I learned so much from David Loy's first book that I knew I would eventually need to return to his work. Fortunately, Lack and Transcendence is just as clearly written and insightful as Nonduality, though its essays are closer in style to dharma talk than dissertation. As a result, this one may perhaps prove even more influential for me, since it is written with the passion of direct practical insight into our fundamental dilemma -- the ego can't solve our problems because it is our problem.

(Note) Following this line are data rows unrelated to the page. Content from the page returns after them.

(* Since the c_{s,n} converge to c_s and their squares sum to at most L, also the c_s^2 sum
   to at most L, and Kolmogorov's maximal inequality makes the series sum_s c_s Y_s converge
   almost surely.

   Weak convergence follows from Levy's continuity theorem. With phi the characteristic
   function of Y_1, the characteristic function of X_n is prod_{s <= r_n} phi (t c_{s,n}).
   For fixed K the head prod_{s <= K} tends to the characteristic function of
   sum_{s <= K} c_s Y_s, and these tend to that of the series as K grows. Because the
   |c_{s,n}| decrease, c_{s,n}^2 <= L/K for s > K, so by a Lindeberg-type estimate the tail
   prod_{K < s <= r_n} is close to exp (-t^2 V_{n,K} / 2) with V_{n,K} = sum_{s > K} c_{s,n}^2,
   uniformly in n up to an error vanishing as K grows; and V_{n,K} tends to rho^2 when first
   n and then K go to infinity. *)

section \<open>Kolmogorov's maximal inequality\<close>

lemma integrable_mult_of_square_integrable:
  fixes f g :: "'a \<Rightarrow> real"
  assumes [measurable]: "f \<in> borel_measurable M" "g \<in> borel_measurable M"
    and "integrable M (\<lambda>x. (f x)\<^sup>2)" "integrable M (\<lambda>x. (g x)\<^sup>2)"
  shows "integrable M (\<lambda>x. f x * g x)"
proof (rule Bochner_Integration.integrable_bound[where f="\<lambda>x. (f x)\<^sup>2 + (g x)\<^sup>2"])
  show "integrable M (\<lambda>x. (f x)\<^sup>2 + (g x)\<^sup>2)" using assms by auto
  show "AE x in M. norm (f x * g x) \<le> norm ((f x)\<^sup>2 + (g x)\<^sup>2)"
  proof (rule AE_I2)
    fix x
    have "2 * (\<bar>f x\<bar> * \<bar>g x\<bar>) \<le> (f x)\<^sup>2 + (g x)\<^sup>2"
      using sum_squares_bound[of "\<bar>f x\<bar>" "\<bar>g x\<bar>"] by (simp add: mult.assoc)
    then show "norm (f x * g x) \<le> norm ((f x)\<^sup>2 + (g x)\<^sup>2)"
      by (simp add: abs_mult) (smt (verit) zero_le_mult_iff abs_ge_zero)
  qed
qed simp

Of course, there are many ways to express this idea that the sense of self is the source of our suffering. Here, Loy tries to couch the problem in terms that make the Buddhist concept of no-self seem like a continuous extension of the ideas of psychotherapy and existentialism. He traces a path that begins with Freudian psychoanalysis, moves past existentialists like Heidegger, Kierkegaard, and Sartre, then passes through "existential psychotherapists" like Becker, Brown, and Yalom, before finally ending with Dogen and other nondual Buddhists. The whole trajectory is held together by the questions, "what do we really want?" and, "what are we afraid of?" For Freud, sex was the biggest source of our desire and anxiety. For the existentialists, the problem was the thrill and terror of our ungrounded freedom. The existential therapists (a new term for me) that Loy discusses then hypothesized that the root of this philosophical craving to be, and fear of non-being, was the more practical fear of death. Loy continues this story by asking again what we really fear and desire, and discovers the Buddhist response lurking under all the previous answers -- our ego desperately wants to be real, and constantly suffers (correctly) from the sneaking suspicion that it is not.
This subtle shift in emphasis puts a profound new spin on the source of our anxiety as well as all the projects aimed at repressing it. It's not that we desire something 'objective', like sexual power or freedom or eternal life. Conversely, Freudian castration or even our own death are not the ultimate objects we fear. Loy interprets these objects as the symbolic return of the repressed consciousness that we have no real and substantial essence. Our deepest fear is that there is something essentially missing from ourselves, that, as Loy puts it, "there is something wrong with me". Death, then, is merely a symbol projected into the future of something we're afraid of now -- our contingency, that is, our emptiness. No object can assuage this fundamental 'lack' that constitutes us because, no matter what it attains, the ego cannot lift itself by its own bootstraps and, as it were, prove to itself once and for all that it is a real, essential, or self-existing subject. Thus the ego is a perpetual motion lack machine. In other words, our existential dread is not built into the structure of the world, but into the structure of our selves. Which is great news! Because it means that we can end our suffering without getting some particular object and without giving up the world. All we have to do is give up the habit of behaving as if our self were an essentially existing thing. The problem vanishes when we realize that we have invented it ourselves.
Because of the peculiar way the book is written, the thesis I just described is not the climax of a long argument, but spills out rather haphazardly in the first chapter. Loy explains in the preface that he didn't set out to write a book but to give a simple teisho. One thing led to another, and what we have reads more like a collection of insightful aphorism collaged together after the fact. This means that, from one point of view, the book can feel very repetitious. We come back to the idea of the self as a sort of lack machine over and over again. However, each chapter revisits the idea from a slightly different perspective. Loy successively explores its implications for our concepts of death, time, suffering, and meaning. These chapters are all excellent, and make use of an eclectic mix of Eastern and Western thought to show how Loy's idea of lack speaks to some of these classical philosophical topics. The final two chapters are a bit of a departure from this mold and discuss the way whole cultures can function as collective machines for generating and maintaining a sense of lack, precisely by seeming to offer us easy solutions to the problem. While also interesting, these chapters seemed considerably weaker to me, perhaps because they seem to have a rather naive social ontology, or perhaps because they appear to be written as extensions, later, and with less force of personal insight.